# Avengers Endgame: Neue Szene vor Bluray-Veröffentlichung gezeigt



## PCGH-Redaktion (31. Juli 2019)

Jetzt ist Ihre Meinung gefragt zu *Avengers Endgame: Neue Szene vor Bluray-Veröffentlichung gezeigt*

						Vor Kurzem hat es "Avengers Endgame" geschafft und ist zum erfolgreichsten Kinofilm geworden. Marvel wird den Film "Avengers Endgame" jedoch nochmal veröffentlichen. Das Re-Release enthält zusätzliches Material. Als Einstimmung gibt es schon mal eine bisher unveröffentlichte Szene zu sehen.

						Bitte beachten Sie: Der Kommentarbereich wird gemäß der Forenregeln moderiert. Allgemeine Fragen und Kritik zu Online-Artikeln von PC Games Hardware sind im Feedback-Unterforum zu veröffentlichen und nicht im Kommentarthread zu einer News. Dort werden sie ohne Nachfragen entfernt.




			Dieser Inhalt steht nur eingeloggten Mitgliedern zur Verfügung.
        

 Zurück zum Artikel: *Avengers Endgame: Neue Szene vor Bluray-Veröffentlichung gezeigt*


----------



## Schmupie (31. Juli 2019)

*AW: Avengers Endgame: Neue Szene vor Bluray-Veröffentlichung gezeigt*

„Dabei wird der Streifen erneut auf Blu-ray veröffentlicht und enthält zusätzliche Szenen.

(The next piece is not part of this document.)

(* Let $\mathcal N$ be a monotone BAN of size $n$ and $x\to y$ a synchronous transition of $\mathcal N$. If there is no $x$-critical cycle of $\mathcal N$ whose node set is contained in $D(x,y)$, then there is a derivation from $x$ to $y$ consisting only of asynchronous transitions (i.e. $x\to^*_{a} y$). Consequently, if for some $m\ge2$ the network $\mathcal N$ has no critical cycle with at most $m$ distinct nodes, then every transition of size at most $m$ can be decomposed into a derivation of asynchronous transitions.
   Context: Let $n\ge 1$, $V=\{0,\dots,n-1\}$, $\mathbb B=\{0,1\}$; $\bar x^{i}$ is $x$ with coordinate $i$ negated; $D(x,y)=\{i:x_i\ne y_i\}$, $d(x,y)=|D(x,y)|$; $\mathbf s(1)=1,\mathbf s(0)=-1$. A BAN of size $n$ is a family $(f_i)_{i\in V}$, $f_i:\mathbb B^n\to\mathbb B$; monotone if for all $i,j$, either $\mathbf s(x_j)(f_i(x)-f_i(\bar x^{j}))\ge0$ for all $x$, or $\le0$ for all $x$. Structure $G=(V,A)$, $A=\{(j,i):\exists x,\ f_i(x)\ne f_i(\bar x^j)\}$; $\mathrm{sign}(j,i)=\mathbf s(x_j)(f_i(x)-f_i(\bar x^j))\in\{\pm1\}$ for any $x$ with $f_i(x)\ne f_i(\bar x^j)$. $U(x)=\{i:f_i(x)\ne x_i\}$; $\mathrm{FRUS}(x)=\{(j,i)\in A:\mathbf s(x_j)\mathbf s(x_i)=-\mathrm{sign}(j,i)\}$. A transition is a pair $(x,y)$ with $\emptyset\ne D(x,y)\subseteq U(x)$, written $x\to y$, of size $d(x,y)$; asynchronous if of size 1, synchronous if of size $\ge2$. A derivation is a finite sequence $x^0\to x^1\to\dots\to x^k$ ($k\ge1$) of transitions; $x\to^*_a y$ means there is a derivation from $x$ to $y$ made of asynchronous transitions. A cycle of $\mathcal N$ is a subgraph $(V_C,A_C)$ of $G$ made of the nodes and arcs of a closed directed walk with no repeated arcs (nodes may repeat); it is $x$-critical if $V_C\subseteq U(x)$ and $A_C\subseteq\mathrm{FRUS}(x)$, and critical if $x$-critical for some $x$. *)

theory Defs
  imports Main
begin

Die Re-Release-Version wird ab 05. September im Handel zu kaufen sein.“

Der Release am 05.09.2019 ist die Erstveröffentlichung und wird somit nicht auf Bluray erneut veröffentlicht.


----------



## Rizzard (31. Juli 2019)

*AW: Avengers Endgame: Neue Szene vor Bluray-Veröffentlichung gezeigt*

Werd mir Endgame definitiv (digital) kaufen. Meine Erinnerungen an den Film schweifen allmählich ab.
Infinity War hab ich bestimmt schon 3-4 mal auf Sky gesehen. Den kenn ich zu genüge.


----------



## Firebuster (31. Juli 2019)

*AW: Avengers Endgame: Neue Szene vor Bluray-Veröffentlichung gezeigt*



Schmupie schrieb:


> „Dabei wird der Streifen erneut auf Blu-ray veröffentlicht und enthält zusätzliche Szenen. Die Re-Release-Version wird ab 05. September im Handel zu kaufen sein.“
> 
> Der Release am 05.09.2019 ist die Erstveröffentlichung und wird somit nicht auf Bluray erneut veröffentlicht.

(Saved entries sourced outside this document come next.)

(* V \<otimes> 1_M, with the memory factor placed between system and reservoir as in U *)
definition extend_op :: "('s \<times> 'r) cop \<Rightarrow> (('s \<times> 'm) \<times> 'r) cop" where
  "extend_op V = (\<lambda>((s, m), r) ((s', m'), r'). V (s, r) (s', r') * id_op m m')"

definition reduced_evolution ::
    "('s::finite \<times> 'r::finite) cop \<Rightarrow> 'r cop \<Rightarrow> ('s \<times> 'm::finite) cop \<Rightarrow> ('s \<times> 'm) cop"
  where "reduced_evolution V \<rho>R X =
    ptrace2 (op_mult (extend_op V) (op_mult (tensor_op X \<rho>R) (adj (extend_op V))))"

lemma sum_UNIV_prod:
  "(\<Sum>z\<in>(UNIV :: ('a::finite \<times> 'b::finite) set). g z) = (\<Sum>x\<in>UNIV. \<Sum>y\<in>UNIV. g (x, y))"
  by (simp add: sum.cartesian_product)

lemma sum_swap_innermost4:
  "(\<Sum>j\<in>J. \<Sum>x\<in>A. \<Sum>y\<in>B. \<Sum>x'\<in>C. \<Sum>y'\<in>D. g j x y x' y')
   = (\<Sum>x\<in>A. \<Sum>y\<in>B. \<Sum>x'\<in>C. \<Sum>y'\<in>D. \<Sum>j\<in>J. g j x y x' y')"
  by (rule trans[OF sum.swap], rule sum.cong[OF refl], rule trans[OF sum.swap],
      rule sum.cong[OF refl], rule trans[OF sum.swap], rule sum.cong[OF refl], rule sum.swap)

lemma cnj_mult_self: "cnj z * z = complex_of_real ((cmod z)\<^sup>2)"
  by (metis complex_norm_square mult.commute)

lemma orthonormal_basis_completeness:
  assumes "orthonormal_basis (e :: 'a::finite \<Rightarrow> 'a cvec)"
  shows "(\<Sum>i\<in>UNIV. e i x * cnj (e i y)) = (if x = y then 1 else 0)"
proof -
  (* the Gram identity says A ** B = 1 for square matrices, hence also B ** A = 1 *)
  define A :: "complex^'a^'a" where "A = (\<chi> i j. cnj (e i j))"
  define B :: "complex^'a^'a" where "B = (\<chi> j i. e i j)"
  have "A ** B = mat 1"
    using assms unfolding A_def B_def orthonormal_basis_def cinner_def
    by (simp add: matrix_matrix_mult_def mat_def vec_eq_iff)
  then have "B ** A = mat 1"
    using matrix_left_right_inverse by blast
  then have "(B ** A) $ x $ y = mat 1 $ x $ y"
    by simp
  then show ?thesis
    unfolding A_def B_def by (simp add: matrix_matrix_mult_def mat_def)
qed

lemma cinner_commute: "cinner u v = cnj (cinner v (u :: 'a::finite cvec))"
  unfolding cinner_def by (simp add: mult.commute)

lemma cinner_orthonormal_basis:
  "orthonormal_basis e \<Longrightarrow> cinner (e i) (e j) = (if i = j then 1 else 0)"
  unfolding orthonormal_basis_def by blast

lemma parseval_orthonormal_basis:
  assumes "orthonormal_basis (e :: 'a::finite \<Rightarrow> 'a cvec)"
  shows "(\<Sum>i\<in>UNIV. cnj (cinner (e i) v) * cinner (e i) w) = cinner v w"
proof -
  have "(\<Sum>i\<in>UNIV. cnj (cinner (e i) v) * cinner (e i) w)
      = (\<Sum>i\<in>UNIV. \<Sum>x\<in>UNIV. \<Sum>y\<in>UNIV. cnj (v x) * w y * (e i x * cnj (e i y)))"
    unfolding cinner_def by (simp add: sum_distrib_left sum_distrib_right mult_ac)
  also have "\<dots> = (\<Sum>x\<in>UNIV. \<Sum>y\<in>UNIV. cnj (v x) * w y * (\<Sum>i\<in>UNIV. e i x * cnj (e i y)))"
    by (rule trans[OF sum.swap], rule sum.cong[OF refl], subst sum_distrib_left, rule sum.swap)
  also have "\<dots> = cinner v w"
    unfolding orthonormal_basis_completeness[OF assms] cinner_def
    by (simp add: if_distrib cong: if_cong)
  finally show ?thesis .
qed

lemma ctrace_orthonormal_basis:
  assumes "orthonormal_basis (e :: 'a::finite \<Rightarrow> 'a cvec)"
  shows "(\<Sum>i\<in>UNIV. cinner (e i) (apply_op A (e i))) = ctrace A"
proof -
  have "(\<Sum>i\<in>UNIV. cinner (e i) (apply_op A (e i)))
      = (\<Sum>i\<in>UNIV. \<Sum>x\<in>UNIV. \<Sum>y\<in>UNIV. A x y * (e i y * cnj (e i x)))"
    unfolding cinner_def apply_op_def by (simp add: sum_distrib_left mult_ac)
  also have "\<dots> = (\<Sum>x\<in>UNIV. \<Sum>y\<in>UNIV. A x y * (\<Sum>i\<in>UNIV. e i y * cnj (e i x)))"
    by (rule trans[OF sum.swap], rule sum.cong[OF refl], subst sum_distrib_left, rule sum.swap)
  also have "\<dots> = ctrace A"
    unfolding orthonormal_basis_completeness[OF assms] ctrace_def
    by (simp add: if_distrib cong: if_cong)
  finally show ?thesis .
qed

lemma cinner_tensor_vec:
  "cinner (tensor_vec u v) (tensor_vec u' v') = cinner u u' * cinner v (v' :: 'b::finite cvec)"
  for u u' :: "'a::finite cvec"
  unfolding cinner_def tensor_vec_def sum_UNIV_prod sum_product
  by (simp add: ac_simps)

lemma orthonormal_basis_tensor_vec:
  assumes "orthonormal_basis (e :: 'a::finite \<Rightarrow> 'a cvec)" "orthonormal_basis (f :: 'b::finite \<Rightarrow> 'b cvec)"
  shows "orthonormal_basis (\<lambda>(i, j). tensor_vec (e i) (f j))"
  using assms unfolding orthonormal_basis_def by (simp add: cinner_tensor_vec split_paired_all)

lemma cinner_adj: "cinner v (apply_op (adj A) w) = cinner (apply_op A v) (w :: 'a::finite cvec)"
proof -
  have "cinner v (apply_op (adj A) w) = (\<Sum>x\<in>UNIV. \<Sum>y\<in>UNIV. cnj (v x) * cnj (A y x) * w y)"
    unfolding cinner_def apply_op_def adj_def by (simp add: sum_distrib_left mult.assoc)
  also have "\<dots> = (\<Sum>y\<in>UNIV. \<Sum>x\<in>UNIV. cnj (v x) * cnj (A y x) * w y)"
    by (rule sum.swap)
  also have "\<dots> = cinner (apply_op A v) w"
    unfolding cinner_def apply_op_def by (simp add: sum_distrib_left sum_distrib_right mult_ac)
  finally show ?thesis .
qed

lemma apply_op_op_mult: "apply_op (op_mult A B) v = apply_op A (apply_op B (v :: 'a::finite cvec))"
proof
  fix x
  have "apply_op (op_mult A B) v x = (\<Sum>y\<in>UNIV. \<Sum>z\<in>UNIV. A x z * B z y * v y)"
    unfolding op_mult_def apply_op_def by (simp add: sum_distrib_right)
  also have "\<dots> = (\<Sum>z\<in>UNIV. \<Sum>y\<in>UNIV. A x z * B z y * v y)"
    by (rule sum.swap)
  also have "\<dots> = apply_op A (apply_op B v) x"
    unfolding apply_op_def by (simp add: sum_distrib_left mult.assoc)
  finally show "apply_op (op_mult A B) v x = apply_op A (apply_op B v) x" .
qed

lemma apply_op_id_op: "apply_op id_op v = (v :: 'a::finite cvec)"
proof
  fix x
  have "apply_op id_op v x = (\<Sum>y\<in>UNIV. if x = y then v y else 0)"
    unfolding apply_op_def id_op_def by (rule sum.cong) auto
  then show "apply_op id_op v x = v x"
    by simp
qed

lemma adj_adj [simp]: "adj (adj A) = A"
  by (simp add: adj_def)

lemma cinner_unitary_op:
  assumes "unitary_op U"
  shows "cinner (apply_op U v) (apply_op U w) = cinner v (w :: 'a::finite cvec)"
proof -
  have "cinner (apply_op U v) (apply_op U w) = cinner v (apply_op (op_mult (adj U) U) w)"
    by (simp add: apply_op_op_mult cinner_adj)
  then show ?thesis
    using assms unfolding unitary_op_def by (simp add: apply_op_id_op)
qed

lemma cinner_conj_op:
  "cinner w (apply_op (op_mult U (op_mult B (adj U))) w)
   = cinner (apply_op (adj U) w) (apply_op B (apply_op (adj U) (w :: 'a::finite cvec)))"
  by (simp add: apply_op_op_mult cinner_adj[symmetric])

Hab mich auch grad gewundert und erst mal nachgeschaut ob ich den Release verpennt habe.


----------



## RyzA (31. Juli 2019)

*AW: Avengers Endgame: Neue Szene vor Bluray-Veröffentlichung gezeigt*



Rizzard schrieb:


> Werd mir Endgame definitiv (digital) kaufen. Meine Erinnerungen an den Film schweifen allmählich ab.
> Infinity War hab ich bestimmt schon 3-4 mal auf Sky gesehen. Den kenn ich zu genüge.

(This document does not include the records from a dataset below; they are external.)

text \<open>\<open>replace_step R v w G G'\<close>: G' is (up to isomorphism) obtained from G by
  replacing one edge \<open>\<epsilon>\<close> of G: delete \<open>\<epsilon>\<close> and glue in a copy of R, identifying
  v with the initial vertex and w with the terminal vertex of \<open>\<epsilon>\<close>.
  \<open>\<gamma>\<close>, \<open>\<delta>\<close> embed the old vertices/remaining edges, \<open>\<alpha>\<close>, \<open>\<beta>\<close> embed the copy of R.\<close>
definition replace_step :: "graph \<Rightarrow> nat \<Rightarrow> nat \<Rightarrow> graph \<Rightarrow> graph \<Rightarrow> bool" where
  "replace_step R v w G G' \<longleftrightarrow> wf_graph G' \<and>
    (\<exists>\<epsilon>\<in>edges G. \<exists>\<gamma> \<delta> \<alpha> \<beta>.
       inj_on \<gamma> (verts G) \<and> inj_on \<alpha> (interior R v w) \<and>
       \<gamma> ` verts G \<inter> \<alpha> ` interior R v w = {} \<and>
       verts G' = \<gamma> ` verts G \<union> \<alpha> ` interior R v w \<and>
       \<alpha> v = \<gamma> (src G \<epsilon>) \<and> \<alpha> w = \<gamma> (tgt G \<epsilon>) \<and>
       inj_on \<delta> (edges G - {\<epsilon>}) \<and> inj_on \<beta> (edges R) \<and>
       \<delta> ` (edges G - {\<epsilon>}) \<inter> \<beta> ` edges R = {} \<and>
       edges G' = \<delta> ` (edges G - {\<epsilon>}) \<union> \<beta> ` edges R \<and>
       (\<forall>e\<in>edges G - {\<epsilon>}. src G' (\<delta> e) = \<gamma> (src G e) \<and> tgt G' (\<delta> e) = \<gamma> (tgt G e)) \<and>
       (\<forall>e\<in>edges R. src G' (\<beta> e) = \<alpha> (src R e) \<and> tgt G' (\<beta> e) = \<alpha> (tgt R e)))"

definition expansion :: "graph \<Rightarrow> nat \<Rightarrow> nat \<Rightarrow> graph \<Rightarrow> graph \<Rightarrow> bool" where
  "expansion R v w G H \<longleftrightarrow> (replace_step R v w)\<^sup>*\<^sup>* G H"

text \<open>\<open>full_step R v w G G'\<close>: G' is (up to isomorphism) obtained from G by
  replacing every edge of G (simultaneously) by a copy of R.\<close>
definition full_step :: "graph \<Rightarrow> nat \<Rightarrow> nat \<Rightarrow> graph \<Rightarrow> graph \<Rightarrow> bool" where
  "full_step R v w G G' \<longleftrightarrow> wf_graph G' \<and>
    (\<exists>\<gamma> (\<alpha>::nat \<Rightarrow> nat \<Rightarrow> nat) (\<beta>::nat \<Rightarrow> nat \<Rightarrow> nat).
       inj_on \<gamma> (verts G) \<and>
       inj_on (\<lambda>(\<epsilon>, u). \<alpha> \<epsilon> u) (edges G \<times> interior R v w) \<and>
       \<gamma> ` verts G \<inter> (\<lambda>(\<epsilon>, u). \<alpha> \<epsilon> u) ` (edges G \<times> interior R v w) = {} \<and>
       verts G' = \<gamma> ` verts G \<union> (\<lambda>(\<epsilon>, u). \<alpha> \<epsilon> u) ` (edges G \<times> interior R v w) \<and>
       (\<forall>\<epsilon>\<in>edges G. \<alpha> \<epsilon> v = \<gamma> (src G \<epsilon>) \<and> \<alpha> \<epsilon> w = \<gamma> (tgt G \<epsilon>)) \<and>
       inj_on (\<lambda>(\<epsilon>, f). \<beta> \<epsilon> f) (edges G \<times> edges R) \<and>
       edges G' = (\<lambda>(\<epsilon>, f). \<beta> \<epsilon> f) ` (edges G \<times> edges R) \<and>
       (\<forall>\<epsilon>\<in>edges G. \<forall>f\<in>edges R.
          src G' (\<beta> \<epsilon> f) = \<alpha> \<epsilon> (src R f) \<and> tgt G' (\<beta> \<epsilon> f) = \<alpha> \<epsilon> (tgt R f)))"

text \<open>Degree of a vertex in a directed multigraph (a loop counts twice).\<close>
definition degree :: "graph \<Rightarrow> nat \<Rightarrow> nat" where
  "degree G x = card {e \<in> edges G. src G e = x} + card {e \<in> edges G. tgt G e = x}"

text \<open>Replacement system \<open>(G0, e \<rightarrow> R)\<close> where e is a non-loop edge from v to w,
  and v, w are vertices of R.\<close>
definition replacement_system :: "graph \<Rightarrow> graph \<Rightarrow> nat \<Rightarrow> nat \<Rightarrow> bool" where
  "replacement_system G0 R v w \<longleftrightarrow> wf_graph G0 \<and> wf_graph R \<and>
     v \<in> verts R \<and> w \<in> verts R \<and> v \<noteq> w"

definition no_isolated :: "graph \<Rightarrow> bool" where
  "no_isolated G \<longleftrightarrow> (\<forall>x\<in>verts G. \<exists>e\<in>edges G. src G e = x \<or> tgt G e = x)"

definition expanding :: "graph \<Rightarrow> graph \<Rightarrow> nat \<Rightarrow> nat \<Rightarrow> bool" where
  "expanding G0 R v w \<longleftrightarrow> no_isolated G0 \<and> no_isolated R \<and>
     \<not> (\<exists>e\<in>edges R. (src R e = v \<and> tgt R e = w) \<or> (src R e = w \<and> tgt R e = v)) \<and>
     card (verts R) \<ge> 3 \<and> card (edges R) \<ge> 2"

text \<open>Finite branching: uniform bound on vertex degrees in all graphs \<open>G_n\<close> of the
  full expansion sequence (each \<open>G_n\<close> is determined up to isomorphism).\<close>
definition finite_branching :: "graph \<Rightarrow> graph \<Rightarrow> nat \<Rightarrow> nat \<Rightarrow> bool" where
  "finite_branching G0 R v w \<longleftrightarrow>
     (\<exists>B. \<forall>H. (full_step R v w)\<^sup>*\<^sup>* G0 H \<longrightarrow> (\<forall>x\<in>verts H. degree H x \<le> B))"

definition connected_graph :: "graph \<Rightarrow> bool" where
  "connected_graph G \<longleftrightarrow>
     (\<forall>x\<in>verts G. \<forall>y\<in>verts G.
        (\<lambda>a b. \<exists>e\<in>edges G. (src G e = a \<and> tgt G e = b) \<or> (src G e = b \<and> tgt G e = a))\<^sup>*\<^sup>* x y)"

definition graph_family :: "graph \<Rightarrow> graph \<Rightarrow> nat \<Rightarrow> nat \<Rightarrow> graph set" where
  "graph_family G0 R v w = {G. wf_graph G \<and>
     (\<exists>H H'. expansion R v w G H \<and> expansion R v w G0 H' \<and> graph_iso H H')}"

text \<open>Characteristic map \<open>(f, g)\<close> (vertex map, edge map) for R in G: an
  isomorphism from R, or from \<open>R_loop\<close> (v and w identified, i.e. \<open>f v = f w\<close>),
  onto the subgraph \<open>S = (f ` verts R, g ` edges R)\<close> of G, such that every edge
  of G incident on the image of an interior vertex lies in S.\<close>
definition char_map :: "graph \<Rightarrow> nat \<Rightarrow> nat \<Rightarrow> graph \<Rightarrow> (nat \<Rightarrow> nat) \<Rightarrow> (nat \<Rightarrow> nat) \<Rightarrow> bool" where
  "char_map R v w G f g \<longleftrightarrow>
     f ` verts R \<subseteq> verts G \<and> g ` edges R \<subseteq> edges G \<and> inj_on g (edges R) \<and>
     (inj_on f (verts R) \<or> (f v = f w \<and> inj_on f (verts R - {w}))) \<and>
     (\<forall>e\<in>edges R. src G (g e) = f (src R e) \<and> tgt G (g e) = f (tgt R e)) \<and>
     (\<forall>u\<in>interior R v w. \<forall>e\<in>edges G. (src G e = f u \<or> tgt G e = f u) \<longrightarrow> e \<in> g ` edges R)"

text \<open>Collapsible subgraph, represented by its (vertex set, edge set); its
  incidence is inherited from G.\<close>
definition collapsible :: "graph \<Rightarrow> nat \<Rightarrow> nat \<Rightarrow> graph \<Rightarrow> nat set \<times> nat set \<Rightarrow> bool" where
  "collapsible R v w G S \<longleftrightarrow> (\<exists>f g. char_map R v w G f g \<and> S = (f ` verts R, g ` edges R))"

end

theory Submission
  imports Defs "HOL-Library.Nat_Bijection" "HOL-Library.FuncSet"
begin

text \<open>Under full expansion, the out- and in-degree of an endpoint of an edge evolve by a fixed
  nonnegative 2\<times>2 integer matrix; finite branching bounds its powers, which forces a positive
  fixed vector \<open>(wA, wB)\<close>. Weighting outgoing edge-ends by \<open>wA\<close> and incoming ones by \<open>wB\<close>,
  a single replacement keeps the weighted degree of every old vertex and gives each new vertex the
  weighted degree of the corresponding interior vertex of R. Hence all expansions of \<open>G0\<close>, and
  through a common expansion all graphs of \<open>\<Gamma>(\<R>)\<close>, have degrees bounded by some K. As R is
  connected, a collapsible subgraph sharing an edge with a given one lies within a bounded
  distance of it, and in a graph of degree at most K there are boundedly many such subgraphs.\<close>

section \<open>Balanced weights from finite branching\<close>

definition out_degree :: "graph \<Rightarrow> nat \<Rightarrow> nat" where
  "out_degree G x = card {e \<in> edges G. src G e = x}"

definition in_degree :: "graph \<Rightarrow> nat \<Rightarrow> nat" where
  "in_degree G x = card {e \<in> edges G. tgt G e = x}"

lemma degree_eq_out_in: "degree G x = out_degree G x + in_degree G x"
  by (simp add: degree_def out_degree_def in_degree_def)

lemma bounded_linear_recurrence_degenerate:
  fixes a b :: "nat \<Rightarrow> nat"
  assumes rec: "\<And>n. a (Suc n) = c * a n + d * b n"
    and pos: "\<And>n. a n \<ge> 1" "\<And>n. b n \<ge> 1" and bounded: "\<And>n. a n \<le> B"
  shows "(c = 1 \<and> d = 0) \<or> c = 0"
proof (rule ccontr)
  assume "\<not> ?thesis"
  then have "c \<ge> 2 \<or> (c \<ge> 1 \<and> d \<ge> 1)" by auto
  then have "a n < a (Suc n)" for n
  proof
    assume "c \<ge> 2"
    then have "2 * a n \<le> c * a n" by simp
    then show ?thesis using rec[of n] pos(1)[of n] by linarith
  next
    assume "c \<ge> 1 \<and> d \<ge> 1"
    then have "a n \<le> c * a n" "1 \<le> d * b n" using pos(2)[of n] by (simp_all add: Suc_le_eq)
    then show ?thesis using rec[of n] by linarith
  qed
  then have "n \<le> a n" for n by (simp add: strict_mono_Suc_iff strict_mono_imp_increasing)
  then show False using bounded[of "Suc B"] by (meson not_less_eq_eq le_trans)
qed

Ich werde mir beide noch kaufen. 
Aber die sind mir noch zu teuer.

1&2 habe ich und gehören in jede gute Filmsammlung. Wenn man Marvel Fan ist sowieso.


----------



## Threshold (31. Juli 2019)

*AW: Avengers Endgame: Neue Szene vor Bluray-Veröffentlichung gezeigt*

Klar ist der Disney Streaming Dienst anfangs günstig. Aber was interessiert mich der US Preis? 
Was kostet der hier? Sicher keine 7 Euro.


----------